I managed to persist an EvalMetricsResult into both Postgres and Cassandra, but am not yet able to read it back. Not sure how to go about the following error:

Unable to execute sql SELECT T.ID, T.VERSION
FROM C3_2_EMRM T
WHERE T.TENANT_TAG_ID=:v1 AND (T.ID=:v2 AND 
   EXISTS(SELECT 1 FROM C3_2_EMRTSM M
   WHERE M.TENANT_TAG_ID=:v1 AND M.EMRM_R=T.ID AND (M.PARTITION_S IN (:v3))))
ORDER BY T.ID
LIMIT 2002
ERROR: relation "c3_2_emrtsm" does not exist
  Position: 108

when calling EvalMetricsResult_M.read(emas) where emas is an EvalMetricsAtSpec.

(I did

DbAdmin.executeQuery(
"SELECT table_schema || '.' || table_name
FROM information_schema.tables
WHERE table_type = 'BASE TABLE'
  AND table_schema NOT IN ('pg_catalog', 'information_schema')",
2000)

but I could not find much interesting.)

The read function first computes partition field of EvalMetricsResultTS_M (stored in Cassandra) so that it can fill out the ts array of timeseries in the final EvalMetricsResult value.

function read(emas) {
    var emrm = EvalMetricsResult_M.fetch({
        include: 'memo, ts',
        filter: Filter.eq('id', emas.memo.hash()).
            and.intersects(
                'ts.partition',
                partitions(emas.ids, emas.expressions))
    }).objs[0];
    log.info('## emrm: {}', JSON.stringify(emrm, null, 2));
    if (emrm)
        return toEvalMetricsResult(emrm);
    else return null;
}

The types involved are (those with suffix _M are to be persisted for memoization purpose):

entity type EvalMetricsResult_M schema name 'EMRM' {
    id: string // for get, === memo.hash()
    fhash: string // for filter, === memo.filterHash()
    memo: EvalMetricsAtSpec_M
    ts: [EvalMetricsResultTS_M](emrm) // for ungrouping
    read: function(emas: EvalMetricsAtSpec): EvalMetricsResult js server
    filter: function(emas: EvalMetricsAtSpec): [EvalMetricsResult_M] js server
    write: function(emr: EvalMetricsResult, emas: EvalMetricsAtSpec): ObjList js s
}

@db(compactType=true,
    datastore='cassandra',
    partitionKeyField='partition',
    persistenceOrder='start',
    persistDuplicates=false,
    shortId=true,
    shortIdReservationRange=100000)
entity type EvalMetricsResultTS_M schema name 'EMRTSM' {
    partition: string
    emsId: string
    emsExpr: string
    emrm: EvalMetricsResult_M
    start: datetime
    end: datetime
    interval: string
    data: [double]
    estimates: [byte]
    missing: [byte]
    timeZone: string
    unit: Unit
}

type EvalMetricsAtSpec {
    memo: EvalMetricsAtSpec_M
    ids: set<string>
    expressions: set<string>
    bindings: map<string, any>
    read_memo: EvalMetricsAtReadMemo
    write_memo: boolean
    toEvalMetricsSpec: member function(): EvalMetricsSpec js server
}

Am I missing some annotations or else? Perhaps I should put EvalMetricsResult_M into Cassandra, as @rohit.sureka suggested.

Thanks

EDIT: If I add @db(datastore='cassandra') above EvalMetricsResult_M, there’s no more error, but null is returned due to intersects('ts.parition', [<existing partition field value>]).


#8

@AlexBakic As I mentioned before, it is a REALLY bad idea to store the results on the entire EvalMetricsResult. I feel you are spending your time and energy in an area where it shouldn’t be spent.

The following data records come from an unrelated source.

lemma rayleigh_minimizer_is_eigenvector:
  fixes M :: "real^'n^'n"
  assumes sym: "transpose M = M" and u: "norm u = 1"
    and min: "\<And>d. inner u (M *v u) * (norm d)\<^sup>2 \<le> inner d (M *v d)"
  shows "M *v u = inner u (M *v u) *\<^sub>R u"
proof -
  define m where "m = inner u (M *v u)"
  define w where "w = M *v u - m *\<^sub>R u"
  have "0 \<le> t * (2 * inner w w) + t\<^sup>2 * (inner w (M *v w) - m * (norm w)\<^sup>2)" for t
  proof -
    have quad: "inner (u + t *\<^sub>R w) (M *v (u + t *\<^sub>R w))
        = m + 2 * t * inner (M *v u) w + t\<^sup>2 * inner w (M *v w)"
      using symmetric_matrix_inner[OF sym, of u w]
      by (simp add: m_def matrix_vector_right_distrib matrix_vector_mult_scaleR inner_add_left
          inner_add_right inner_commute power2_eq_square algebra_simps)
    have "inner u u = 1" using u power2_norm_eq_inner[of u] by simp
    then have norm: "(norm (u + t *\<^sub>R w))\<^sup>2 = 1 + 2 * t * inner u w + t\<^sup>2 * (norm w)\<^sup>2"
      unfolding power2_norm_eq_inner
      by (simp add: inner_add_left inner_add_right inner_commute power2_eq_square algebra_simps)
    have ww: "inner w w = inner (M *v u) w - m * inner u w"
      unfolding w_def by (simp add: inner_diff_left)
    have "0 \<le> inner (u + t *\<^sub>R w) (M *v (u + t *\<^sub>R w)) - m * (norm (u + t *\<^sub>R w))\<^sup>2"
      using min[of "u + t *\<^sub>R w"] by (simp add: m_def)
    also have "\<dots> = t * (2 * inner w w) + t\<^sup>2 * (inner w (M *v w) - m * (norm w)\<^sup>2)"
      unfolding quad norm ww by (simp add: algebra_simps)
    finally show ?thesis .
  qed
  then have "2 * inner w w = 0"
    by (rule nonneg_quadratic_imp_linear_coeff_zero) (use min in \<open>simp add: m_def\<close>)
  then show ?thesis by (simp add: w_def m_def)
qed

lemma lambda_min_symmetric:
  fixes M :: "real^'n^'n"
  assumes sym: "transpose M = M"
  shows "lambda_min M \<in> eigenvalues M" and "lambda_min M * (norm d)\<^sup>2 \<le> inner d (M *v d)"
proof -
  obtain u where u: "norm u = 1" and min: "\<And>d. inner u (M *v u) * (norm d)\<^sup>2 \<le> inner d (M *v d)"
    using rayleigh_quotient_attains_min[of M] by blast
  define m where "m = inner u (M *v u)"
  have "M *v u = m *\<^sub>R u"
    unfolding m_def using sym u min by (rule rayleigh_minimizer_is_eigenvector)
  then have m: "m \<in> eigenvalues M"
    unfolding eigenvalues_def using u by (auto intro!: exI[of _ u])
  have "m \<le> l" if l: "l \<in> eigenvalues M" for l
  proof -
    obtain v where v: "v \<noteq> 0" "M *v v = l *\<^sub>R v" using l by (auto simp: eigenvalues_def)
    then have "m * (norm v)\<^sup>2 \<le> l * (norm v)\<^sup>2"
      using min[of v] by (simp add: m_def power2_norm_eq_inner)
    then show ?thesis using v(1) by simp
  qed
  then have "lambda_min M = m"
    unfolding lambda_min_def eigenvalues_def[symmetric]
    using finite_eigenvalues_symmetric[OF sym] m by (intro Min_eqI) auto
  then show "lambda_min M \<in> eigenvalues M" "lambda_min M * (norm d)\<^sup>2 \<le> inner d (M *v d)"
    using m min by (simp_all add: m_def)
qed

lemma outer_mult_vector: "outer v *v d = inner v d *\<^sub>R v"
  by (simp add: vec_eq_iff outer_def matrix_vector_mult_def inner_vec_def sum_distrib_left
      mult.commute mult.left_commute)

lemma sum_matrix_vector_mult: "sum f I *v (d::real^'n) = (\<Sum>i\<in>I. f i *v d)"
  by (induction I rule: infinite_finite_induct) (simp_all add: matrix_vector_mult_add_rdistrib)

lemma transpose_sum_outer: "transpose (\<Sum>i\<in>I. outer (v i)) = (\<Sum>i\<in>I. outer (v i :: real^'n))"
  by (simp add: vec_eq_iff transpose_def outer_def mult.commute)

lemma inner_sum_outer: "inner d ((\<Sum>i\<in>I. outer (v i)) *v d) = (\<Sum>i\<in>I. (inner (v i) d)\<^sup>2)"
  by (simp add: sum_matrix_vector_mult outer_mult_vector inner_sum_right power2_eq_square
      inner_commute)

lemma lambda_min_sum_outer_le:
  "lambda_min (\<Sum>i\<in>I. outer (v i)) * (norm d)\<^sup>2 \<le> (\<Sum>i\<in>I. (inner (v i) d)\<^sup>2)"
  using lambda_min_symmetric(2)[OF transpose_sum_outer] by (simp add: inner_sum_outer)

lemma lambda_min_sum_outer_nonneg: "0 \<le> lambda_min (\<Sum>i\<in>I. outer (v i :: real^'n))"
proof -
  let ?M = "\<Sum>i\<in>I. outer (v i)"
  obtain u where u: "u \<noteq> 0" "?M *v u = lambda_min ?M *\<^sub>R u"
    using lambda_min_symmetric(1)[OF transpose_sum_outer] by (auto simp: eigenvalues_def)
  have "lambda_min ?M * (norm u)\<^sup>2 = (\<Sum>i\<in>I. (inner (v i) u)\<^sup>2)"
    using u(2) inner_sum_outer[of u v I] by (simp add: power2_norm_eq_inner)
  also have "\<dots> \<ge> 0" by (simp add: sum_nonneg)
  finally show ?thesis using u(1) by (simp add: zero_le_mult_iff)
qed


section \<open>Points off finitely many hyperplanes\<close>

lemma interior_Union_hyperplanes:
  fixes A :: "'a::euclidean_space set"
  assumes "finite A" "0 \<notin> A"
  shows "interior (\<Union>a\<in>A. {u. inner a u = 0}) = {}"
  using assms
proof (induction A rule: finite_induct)
  case (insert a A)
  have "interior ((\<Union>b\<in>A. {u. inner b u = 0}) \<union> {u. inner a u = 0})
      = interior (\<Union>b\<in>A. {u. inner b u = 0})"
    by (rule interior_closed_Un_empty_interior)
      (use insert in \<open>auto intro!: closed_Union closed_hyperplane\<close>)
  with insert show ?case by (simp add: Un_commute)
qed simp

lemma open_avoiding_hyperplanes:
  fixes A :: "'a::euclidean_space set"
  assumes "finite A" "0 \<notin> A" "open U" "U \<noteq> {}"
  obtains u where "u \<in> U" "\<And>a. a \<in> A \<Longrightarrow> inner a u \<noteq> 0"
proof -
  have "\<not> U \<subseteq> (\<Union>a\<in>A. {u. inner a u = 0})"
    using interior_maximal[OF _ assms(3)] interior_Union_hyperplanes[OF assms(1,2)] assms(4)
    by blast
  then show ?thesis using that by blast
qed

definition difference_set :: "'a::ab_group_add set \<Rightarrow> 'a set" where
  "difference_set S = {p - q | p q. p \<in> S \<and> q \<in> S \<and> p \<noteq> q}"

lemma finite_difference_set: "finite S \<Longrightarrow> finite (difference_set S)"
proof -
  assume "finite S"
  moreover have "difference_set S \<subseteq> (\<lambda>(p, q). p - q) ` (S \<times> S)"
    unfolding difference_set_def by auto
  ultimately show ?thesis by (simp add: finite_subset)
qed

lemma zero_notin_difference_set: "0 \<notin> difference_set S"
  unfolding difference_set_def by auto

lemma inj_on_inner_iff_difference_set:
  "inj_on (\<lambda>p. inner p u) S \<longleftrightarrow> (\<forall>a\<in>difference_set S. inner a u \<noteq> 0)"
  unfolding inj_on_def difference_set_def by (fastforce simp: inner_diff_left)

lemma ex_separating_point_in_open_cone:
  fixes F :: "'a::euclidean_space set"
  assumes "finite F" "finite S" and nonneg: "\<And>a. a \<in> F \<Longrightarrow> 0 \<le> inner a v"
    and pos: "\<And>a. a \<in> F \<Longrightarrow> inner a v = 0 \<Longrightarrow> 0 < inner a x"
  obtains u where "\<forall>a\<in>F. 0 < inner a u" "inj_on (\<lambda>p. inner p u) S"
proof -
  obtain e where e: "\<And>a. a \<in> F \<Longrightarrow> 0 < inner a v + e * inner a x"
    using ex_small_perturbation_pos[of F "\<lambda>a. inner a v" "\<lambda>a. inner a x"] assms(1) nonneg pos
    by blast
  define U where "U = (\<Inter>a\<in>F. {u. 0 < inner a u})"
  have "v + e *\<^sub>R x \<in> U" unfolding U_def using e by (simp add: inner_add_right)
  moreover have "open U" unfolding U_def using assms(1) by (auto intro: open_halfspace_gt)
  ultimately obtain u where "u \<in> U" "\<And>a. a \<in> difference_set S \<Longrightarrow> inner a u \<noteq> 0"
    using open_avoiding_hyperplanes[OF finite_difference_set[OF assms(2)]
        zero_notin_difference_set] by blast
  then show ?thesis
    using that unfolding U_def inj_on_inner_iff_difference_set by blast
qed

lemma fixed_vectors_in_hyperplane:
  fixes g :: "real^'n^'n"
  assumes "g \<noteq> mat 1"
  shows "\<exists>a. a \<noteq> 0 \<and> (\<forall>u. g *v u = u \<longrightarrow> inner a u = 0)"
proof -
  obtain j where j: "(g - mat 1) $ j \<noteq> 0" using assms by (auto simp: vec_eq_iff)
  have "inner ((g - mat 1) $ j) u = 0" if "g *v u = u" for u
    using that matrix_vector_mul_component[of "g - mat 1" u j]
    by (simp add: matrix_vector_mult_diff_rdistrib)
  then show ?thesis using j by blast
qed


section \<open>Orbits of a finite orthogonal group\<close>

locale finite_orthogonal_group =
  fixes G :: "(real^'n^'n) set"
  assumes finite_orth_group: "finite_orth_group G"
begin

The right approach should be to:

  1. Find which simple metrics are slow
  2. Cache those simple metrics by setting the “cache” field on the metric

#9

We’re doing that for the “default mode”, but the requirements exist for checking old results, like a month earlier. We need to provide evaluation results for each day, and keep them available (or recomputable) by ignoring new data that may affect the old results (some values are manually corrected, extrapolation replaced by interpolation etc.). If I understand correctly, the cache is for the latest data only, but that is only a small part here. Of course, the requirements pose technical challenges: for example, how to produce a result under 3s for a period a month ago when the evaluation normally takes minutes? The last time we looked, it is pure CPU, no DB work (e.g., the consumption of an apartment is weighted by coefficients that are computed across all the other apartments on a site).

We tried putting "cache": { "intervals": ["DAY", "MONTH"], "monthsInPast": 12 } in json files but then it messed up our tests (test objects triggered some invalidations, we suppose). Is there a more dynamic way?

Even if it is a bad idea (usually, memoization is good), is there a way to complete that fetch? We are almost done.

Thanks


#10

If you’re adamant about storing metric results, why not implement an analytic that fires periodically and persists the results to your data store of choosing? You’re going to need to implement a bunch of logic to trigger the evaluation, functionality that is already available via stream analytics.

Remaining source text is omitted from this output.